For Revolut, integrating stablecoins could dramatically lower the cost and speed up the settlement of cross-border payments for its users. Compared to traditional wire transfers that can cost ~$50 and take days to clear, stablecoin transactions settle in minutes for a fraction of a cent.
Similarly, in South and East Asia, countries like India, Vietnam, and the Philippines are leading the world in crypto adoption, driven by a combination of a large remittance market, unstable local currencies, and a relatively underdeveloped banking system.
The key tradeoff for Revolut would be the potential loss of revenue from FX fees, which currently make up a significant portion of its interchange income. However, the massive potential for wallet share expansion and user acquisition in these markets may more than offset those losses.
Risks
US charter execution: Revolut filed with the OCC and FDIC in March 2026 for a national bank charter under the name Revolut Bank US, N.A., with $500M earmarked for the push, but the regulatory process is lengthy and uncertain, and competitors like N26 already exited the US citing slow growth and high cash burn. Converting its small existing US user base into a profitable deposit franchise against entrenched neobanks like Chime, Dave, and Varo remains unproven.
Interest rate sensitivity: Much of Revolut's recent profitability has been driven by interest income, which reached £974M in FY2025 even as it grew only 23% — slower than every other revenue line — reflecting the beginning of rate normalization. A sustained return toward lower rates would compress net interest margins and pressure the business model back toward lower-margin interchange and FX fees.
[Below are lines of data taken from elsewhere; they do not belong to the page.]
theorem theorem4p3:
  fixes A :: "complex^'n^'n" and c :: "complex^'n" and h :: real
    and V :: "((complex, 'm::{finite,wellorder}) vec, 'n) vec" and v :: "complex^'n"
    and H K :: "((complex, 'm) vec, 'm) vec" and hm :: complex and \<xi> :: "'m \<Rightarrow> complex option"
  assumes c_nz: "c \<noteq> 0"
    and h_pos: "h > 0"
    and orth_V: "\<forall>i j. cinner (column i V) (column j V) = (if i = j then 1 else 0)"
    and orth_v: "\<forall>i. cinner v (column i V) = 0"
    and norm_v: "cinner v v = 1"
    and first_col: "column idx_first V = (1 / norm c) *\<^sub>R c"
    and K_def: "K = mat 1 + H ** diag_mat (\<lambda>j. pole_inv (\<xi> j))"
    and last_pole: "\<xi> idx_last = None"
    and arnoldi: "(A ** V) ** K + outer (A *v v) ((hm * pole_inv (\<xi> idx_last)) *s e_last)
                  = V ** H + outer v (hm *s e_last)"
    and K_inv: "invertible K"
  shows "mat_exp (smat (complex_of_real h) A) *v c
           - complex_of_real (norm c) *s (V *v (mat_exp (smat (complex_of_real h) (H ** matrix_inv K)) *v e_first))
         = (complex_of_real h * complex_of_real (norm c) * hm) *s
             (\<Sum>k. cinner (matrix_inv K *v (phi (Suc k) (smat (complex_of_real h) (H ** matrix_inv K)) *v e_first)) e_last
                   *s (mat_pow (smat (complex_of_real h) A) k *v v))"
proof -
  let ?W = "smat (complex_of_real h) A" and ?G = "smat (complex_of_real h) (H ** matrix_inv K)"
  let ?g = "\<lambda>y. cinner (matrix_inv K *v y) e_last"
  have "A ** V ** K = V ** H + outer v (hm *s e_last)"
    using arnoldi by (simp add: last_pole pole_inv_def outer_def vec_eq_iff)
  from rank_one_krylov_relation_mult_vec[OF this matrix_mul_matrix_inv[OF K_inv]]
  have rel: "?W *v (V *v y) = V *v (?G *v y) + (complex_of_real h * hm * ?g y) *s v" for y
    by (simp add: smat_of_real scaleR_matrix_vector_mult matrix_vector_mult_scaleR
        scaleR_add_right scaleR_vector_scalar_mult[symmetric] scaleR_conv_of_real[where 'a = complex]
        mult.assoc)
  have g: "bounded_linear ?g"
    unfolding cinner_e_last by (rule bounded_linear_compose[OF bounded_linear_vec_nth]) simp
  have c: "c = complex_of_real (norm c) *s (V *v e_first)"
    using c_nz first_col
    by (simp add: e_first_def matrix_vector_mult_axis_nth column_def vec_eq_iff
        scaleR_conv_of_real[where 'a = complex] flip: mult.assoc of_real_mult)
  show ?thesis
    by (subst (1) c) (simp add: mat_exp_intertwining_remainder[OF g rel] vector_scalar_commute
        vector_ssub_ldistrib[symmetric] vector_smult_assoc mult_ac)
qed

end
theorem mainTheorem7:
  fixes m :: enat and n j :: nat and e alpha :: int
    and cs :: "complex \<Rightarrow> 'a::ring_1" and q qi tau taui w :: 'a
    and v vi sigma sigmai :: "nat \<Rightarrow> 'a"
  assumes "0 < m" and "1 \<le> n"
    and "hecke_rels m n cs q qi v vi tau taui sigma sigmai"
    and "e = 1 \<or> e = -1"
    and "j < n" and "alpha \<in> Eset m"
    and "w \<in> Wtilde m n cs q qi v vi tau taui sigma"
  shows "\<exists>(K::nat) (a::nat \<Rightarrow> 'a) (k::nat \<Rightarrow> nat) (wk::nat \<Rightarrow> 'a).
           (\<forall>l<K. a l \<in> scalars m cs q qi v vi \<and> k l < j
                   \<and> wk l \<in> Wtilde m n cs q qi v vi tau taui sigma) \<and>
           desc_prod (spow sigma sigmai e) j * tpow tau taui alpha * asc_prod sigma n * w
           = desc_prod (spow sigma sigmai (- e)) j * tpow tau taui alpha * asc_prod sigma n * w
             + (\<Sum>l<K. a l * (desc_prod (spow sigma sigmai (- e)) (k l) * tpow tau taui alpha
                              * asc_prod sigma n * wk l))"
proof -
  interpret hecke_relations m n cs q qi tau taui v vi sigma sigmai
    using assms(3) by unfold_locales
  obtain y where "y \<in> lower_combinations (- e) alpha j"
    and "monomial e alpha j w = monomial (- e) alpha j w + y"
    using monomial_sign_change[OF assms(5,7)] by blast
  then show ?thesis
    using lower_combinations_indexed unfolding monomial_def by blast
qed

end
lemma gcd3_dvd_gcd_pencil:
  fixes \<sigma> s1 s2 t :: "'a :: semiring_gcd"
  shows "gcd \<sigma> (gcd s1 s2) dvd gcd \<sigma> (s1 + t * s2)"
  by (meson dvd_add dvd_mult gcd_dvd1 gcd_dvd2 gcd_greatest dvd_trans)

lemma gcd_gcd_pencil:
  fixes \<sigma> s1 s2 t u :: "'a :: ring_gcd"
  assumes "is_unit (t - u)"
  shows "gcd (gcd \<sigma> (s1 + t * s2)) (gcd \<sigma> (s1 + u * s2)) = gcd \<sigma> (gcd s1 s2)"
proof (rule associated_eqI)
  let ?d = "gcd (gcd \<sigma> (s1 + t * s2)) (gcd \<sigma> (s1 + u * s2))"
  have d_t: "?d dvd s1 + t * s2" and d_u: "?d dvd s1 + u * s2" and d_\<sigma>: "?d dvd \<sigma>"
    by (meson gcd_dvd1 gcd_dvd2 dvd_trans)+
  have "?d dvd (s1 + t * s2) - (s1 + u * s2)"
    using d_t d_u by (rule dvd_diff)
  also have "(s1 + t * s2) - (s1 + u * s2) = (t - u) * s2"
    by (simp add: algebra_simps)
  finally have "?d dvd s2"
    using assms by (simp add: dvd_mult_unit_iff')
  then have "?d dvd (s1 + t * s2) - t * s2"
    using d_t dvd_mult by (blast intro: dvd_diff)
  then have "?d dvd s1"
    by simp
  with d_\<sigma> \<open>?d dvd s2\<close> show "?d dvd gcd \<sigma> (gcd s1 s2)"
    by simp
  show "gcd \<sigma> (gcd s1 s2) dvd ?d"
    using gcd3_dvd_gcd_pencil[of \<sigma> s1 s2 t] gcd3_dvd_gcd_pencil[of \<sigma> s1 s2 u] by (rule gcd_greatest)
qed simp_all

lemma prod_dvd_if_pairwise_coprime:
  fixes f :: "'b \<Rightarrow> 'a :: semiring_gcd"
  assumes "finite T" "\<And>t. t \<in> T \<Longrightarrow> f t dvd a"
    and "\<And>t u. t \<in> T \<Longrightarrow> u \<in> T \<Longrightarrow> t \<noteq> u \<Longrightarrow> coprime (f t) (f u)"
  shows "(\<Prod>t\<in>T. f t) dvd a"
  using assms
proof (induction T rule: finite_induct)
  case (insert t T)
  have "coprime (f t) (\<Prod>u\<in>T. f u)"
    by (rule prod_coprime_right) (use insert in blast)
  with insert show ?case
    by (simp add: divides_mult)
qed simp

lemma sum_tdeg_gcd_pencil_le:
  fixes \<sigma> s1 s2 :: bipoly
  assumes "\<sigma> \<noteq> 0" "finite T"
  defines "G \<equiv> gcd \<sigma> (gcd s1 s2)"
  shows "(\<Sum>t\<in>T. tdeg (gcd \<sigma> (s1 + bconst t * s2) div G)) \<le> tdeg (\<sigma> div G)"
proof -
  define a where "a t = gcd \<sigma> (s1 + bconst t * s2) div G" for t
  have G_dvd: "G dvd gcd \<sigma> (s1 + bconst t * s2)" for t
    unfolding G_def by (rule gcd3_dvd_gcd_pencil)
  have a_dvd: "a t dvd \<sigma> div G" for t
    unfolding a_def using G_dvd by (simp add: div_dvd_div G_def)
  have "coprime (a t) (a u)" if "t \<noteq> u" for t u
  proof -
    have "is_unit (bconst t - bconst u)"
      using that is_unit_bconst[of "t - u"] by (simp add: bconst_def)
    then have "G = gcd (gcd \<sigma> (s1 + bconst t * s2)) (gcd \<sigma> (s1 + bconst u * s2))"
      unfolding G_def by (rule gcd_gcd_pencil[symmetric])
    with assms(1) show ?thesis
      unfolding a_def by (simp add: div_gcd_coprime)
  qed
  with assms a_dvd have "(\<Prod>t\<in>T. a t) dvd \<sigma> div G"
    by (intro prod_dvd_if_pairwise_coprime)
  moreover have "\<sigma> div G \<noteq> 0" and a_nz: "\<And>t. a t \<noteq> 0"
    using assms(1) G_dvd by (auto simp: a_def G_def dvd_div_eq_0_iff)
  ultimately have "tdeg (\<Prod>t\<in>T. a t) \<le> tdeg (\<sigma> div G)"
    by (intro dvd_imp_tdeg_le)
  moreover have "tdeg (\<Prod>t\<in>T. a t) = (\<Sum>t\<in>T. tdeg (a t))"
    by (intro tdeg_prod a_nz)
  ultimately show ?thesis
    unfolding a_def by simp
qed
(* Let $R\subseteq\mathbb{C}$ be a subset such that $M:=\inf\{|x|: x\in R\setminus\{0\}\}>0$. Let $\mathcal{F}=(c_{i,j})$ be a frieze pattern over $R\setminus\{0\}$ of height $n\in\mathbb{N}$. Then every entry $c_{i,i+2}$ ($i\in\mathbb{Z}$) of its quiddity cycle satisfies $$|c_{i,i+2}|\le\frac{(n-1)+2M}{M^2}.$$
   Context: A frieze pattern of height $n$ over $S\subseteq\mathbb{C}$ is a family $(c_{i,j})_{i\in\mathbb{Z},\ i\le j\le i+n+3}$ of complex numbers such that: - $c_{i,i}=c_{i,i+n+3}=0$ and $c_{i,i+1}=c_{i,i+n+2}=1$; - $c_{i,j}\in S$ for $i+2\le j\le i+n+1$; - every adjacent $2\times2$ determinant $c_{i,j}c_{i+1,j+1}-c_{i,j+1}c_{i+1,j}$ (all entries defined) equals $1$. "Over $R\setminus\{0\}$" means all entries $c_{i,j}$ with $i+2\le j\le i+n+1$ are nonzero elements of $R$. The quiddity cycle of the pattern consists of the entries $c_{i,i+2}$ of its first nontrivial diagonal. *)

theory Defs
  imports Complex_Main
begin

text \<open>A frieze pattern of height n over S. The family (c i j) is modelled as a
total function int => int => complex; only the values with i <= j <= i+n+3 matter.\<close>
definition frieze_pattern :: "nat \<Rightarrow> complex set \<Rightarrow> (int \<Rightarrow> int \<Rightarrow> complex) \<Rightarrow> bool" where
  "frieze_pattern n S c \<longleftrightarrow>
     (\<forall>i::int. c i i = 0 \<and> c i (i + int n + 3) = 0 \<and>
               c i (i + 1) = 1 \<and> c i (i + int n + 2) = 1) \<and>
     (\<forall>i j::int. i + 2 \<le> j \<and> j \<le> i + int n + 1 \<longrightarrow> c i j \<in> S) \<and>
     (\<forall>i j::int. i + 1 \<le> j \<and> j \<le> i + int n + 2 \<longrightarrow>
        c i j * c (i + 1) (j + 1) - c i (j + 1) * c (i + 1) j = 1)"

end

theory Submission
  imports Defs
begin

text \<open>Fix a row index i and write d m for the entry c (i+1) (i+2+m). The unimodular rule
  between the rows i and i+1 makes the quotients c i (i+2+m) / d m telescope, and since
  row i ends with the zero c i (i+n+3), this expresses the quiddity entry as
  c i (i+2) = (sum over l <= n of 1 / (d l * d (l+1))) with d 0 = d (n+1) = 1.
  The two boundary terms have one factor of modulus at least M, the n - 1 inner terms
  have two, which gives the bound.\<close>

lemma telescoping_quotients:
  fixes a d :: "nat \<Rightarrow> 'a::field"
  assumes "\<And>m. m < N \<Longrightarrow> a m * d (Suc m) - a (Suc m) * d m = 1"
    and "\<And>m. m \<le> N \<Longrightarrow> d m \<noteq> 0"
  shows "a N / d N = a 0 / d 0 - (\<Sum>l<N. 1 / (d l * d (Suc l)))"
  using assms
proof (induction N)
  case 0
  then show ?case by simp
next
  case (Suc N)
  have "d N \<noteq> 0" "d (Suc N) \<noteq> 0"
    using Suc.prems(2) by auto
  with Suc.prems(1)[of N]
  have "a (Suc N) / d (Suc N) = a N / d N - 1 / (d N * d (Suc N))"
    by (simp add: field_simps)
  with Suc show ?case by simp
qed

lemma frieze_quiddity_eq_sum:
  assumes frieze: "frieze_pattern n S c" and "0 \<notin> S"
  shows "c i (i + 2) = (\<Sum>l\<le>n. 1 / (c (i + 1) (i + 2 + int l) * c (i + 1) (i + 3 + int l)))"
proof -
  define a where "a m = c i (i + 2 + int m)" for m
  define d where "d m = c (i + 1) (i + 2 + int m)" for m
  note F = frieze[unfolded frieze_pattern_def]
  have d_boundary: "d 0 = 1" "d (n + 1) = 1"
    using F unfolding d_def by (auto simp: algebra_simps dest!: spec[of _ "i + 1"])
  have "d m \<noteq> 0" if "m \<le> n + 1" for m
  proof (cases "m = 0 \<or> m = n + 1")
    case True
    with d_boundary show ?thesis by auto
  next
    case False
    with that have "i + 1 + 2 \<le> i + 2 + int m \<and> i + 2 + int m \<le> i + 1 + int n + 1"
      by auto
    then have "d m \<in> S"
      using F unfolding d_def by blast
    with \<open>0 \<notin> S\<close> show ?thesis
      by auto
  qed
  moreover have "a m * d (Suc m) - a (Suc m) * d m = 1" if "m < n + 1" for m
  proof -
    define j where "j = i + 2 + int m"
    have "i + 1 \<le> j \<and> j \<le> i + int n + 2"
      using \<open>m < n + 1\<close> unfolding j_def by simp
    then have "c i j * c (i + 1) (j + 1) - c i (j + 1) * c (i + 1) j = 1"
      using F by blast
    then show ?thesis
      unfolding a_def d_def j_def by (simp add: algebra_simps)
  qed
  ultimately have "a (n + 1) / d (n + 1) = a 0 / d 0 - (\<Sum>l<n + 1. 1 / (d l * d (Suc l)))"
    by (intro telescoping_quotients) auto
  moreover have "a (n + 1) = 0"
    using F unfolding a_def by (auto simp: algebra_simps)
  ultimately have "a 0 = (\<Sum>l<n + 1. 1 / (d l * d (Suc l)))"
    using d_boundary by simp
  then show ?thesis
    unfolding a_def d_def by (simp add: lessThan_Suc_atMost algebra_simps)
qed

lemma norm_sum_inverse_products_le:
  fixes d :: "nat \<Rightarrow> 'a::real_normed_field"
  assumes "n \<ge> 1" and "M > 0" and "d 0 = 1" and "d (n + 1) = 1"
    and lower: "\<And>m. 1 \<le> m \<Longrightarrow> m \<le> n \<Longrightarrow> M \<le> norm (d m)"
  shows "norm (\<Sum>l\<le>n. 1 / (d l * d (Suc l))) \<le> ((real n - 1) + 2 * M) / M ^ 2"
proof -
  have "{..n} = insert 0 (insert n {1..<n})"
    using \<open>n \<ge> 1\<close> by auto
  then have "(\<Sum>l\<le>n. 1 / (d l * d (Suc l)))
      = 1 / d 1 + (1 / d n + (\<Sum>l\<in>{1..<n}. 1 / (d l * d (Suc l))))"
    using assms(1,3,4) by simp
  also have "norm \<dots> \<le> 1 / M + (1 / M + real (n - 1) * (1 / M ^ 2))"
  proof -
    have boundary: "norm (1 / d 1) \<le> 1 / M" "norm (1 / d n) \<le> 1 / M"
      using lower[of 1] lower[of n] assms(1,2) by (simp_all add: norm_divide frac_le)
    have "norm (1 / (d l * d (Suc l))) \<le> 1 / M ^ 2" if "l \<in> {1..<n}" for l
    proof -
      have "M * M \<le> norm (d l) * norm (d (Suc l))"
        using lower that \<open>M > 0\<close> by (intro mult_mono) auto
      then show ?thesis
        using \<open>M > 0\<close> by (simp add: norm_divide norm_mult power2_eq_square frac_le)
    qed
    then have "norm (\<Sum>l\<in>{1..<n}. 1 / (d l * d (Suc l))) \<le> real (n - 1) * (1 / M ^ 2)"
      using sum_norm_le[of "{1..<n}" "\<lambda>l. 1 / (d l * d (Suc l))" "\<lambda>_. 1 / M ^ 2"] by simp
    with boundary show ?thesis
      by (smt (verit) norm_triangle_ineq)
  qed
  also have "\<dots> = ((real n - 1) + 2 * M) / M ^ 2"
    using assms(1,2) by (simp add: of_nat_diff field_simps power2_eq_square)
  finally show ?thesis .
qed

theorem theorem3p6:
  fixes R :: "complex set" and n :: nat and c :: "int \<Rightarrow> int \<Rightarrow> complex" and M :: real
  assumes "M = Inf (norm ` (R - {0}))"
    and "M > 0"
    and "n \<ge> 1"
    and "frieze_pattern n (R - {0}) c"
  shows "\<forall>i::int. norm (c i (i + 2)) \<le> ((real n - 1) + 2 * M) / M ^ 2"
proof
  fix i :: int
  note F = assms(4)[unfolded frieze_pattern_def]
  have "M \<le> norm (c (i + 1) (i + 2 + int m))" if "1 \<le> m" "m \<le> n" for m
  proof -
    have "c (i + 1) (i + 2 + int m) \<in> R - {0}"
      using F that by auto
    then show ?thesis
      unfolding assms(1) by (intro cInf_lower imageI) (auto intro: bdd_belowI[where m = 0])
  qed
  moreover have "c (i + 1) (i + 2 + int 0) = 1" "c (i + 1) (i + 2 + int (n + 1)) = 1"
    using F by (auto simp: algebra_simps dest!: spec[of _ "i + 1"])
  ultimately have "norm (\<Sum>l\<le>n. 1 / (c (i + 1) (i + 2 + int l) * c (i + 1) (i + 2 + int (Suc l))))
      \<le> ((real n - 1) + 2 * M) / M ^ 2"
    using assms(2,3) by (intro norm_sum_inverse_products_le) auto
  then show "norm (c i (i + 2)) \<le> ((real n - 1) + 2 * M) / M ^ 2"
    using frieze_quiddity_eq_sum[OF assms(4)] by (simp add: algebra_simps)
qed

end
Geographic execution risk: Revolut is simultaneously operating full banks in Mexico (launched January 2026), pursuing a national charter in the US, applying for licences in France and Peru, integrating a newly authorized Colombian bank, and scaling up a newly launched UK bank following the March 2026 PRA clearance — each requiring distinct regulatory relationships and capital commitments. Managing compliance and risk controls across this many jurisdictions while continuing to grow at pace is the central operational challenge for the business.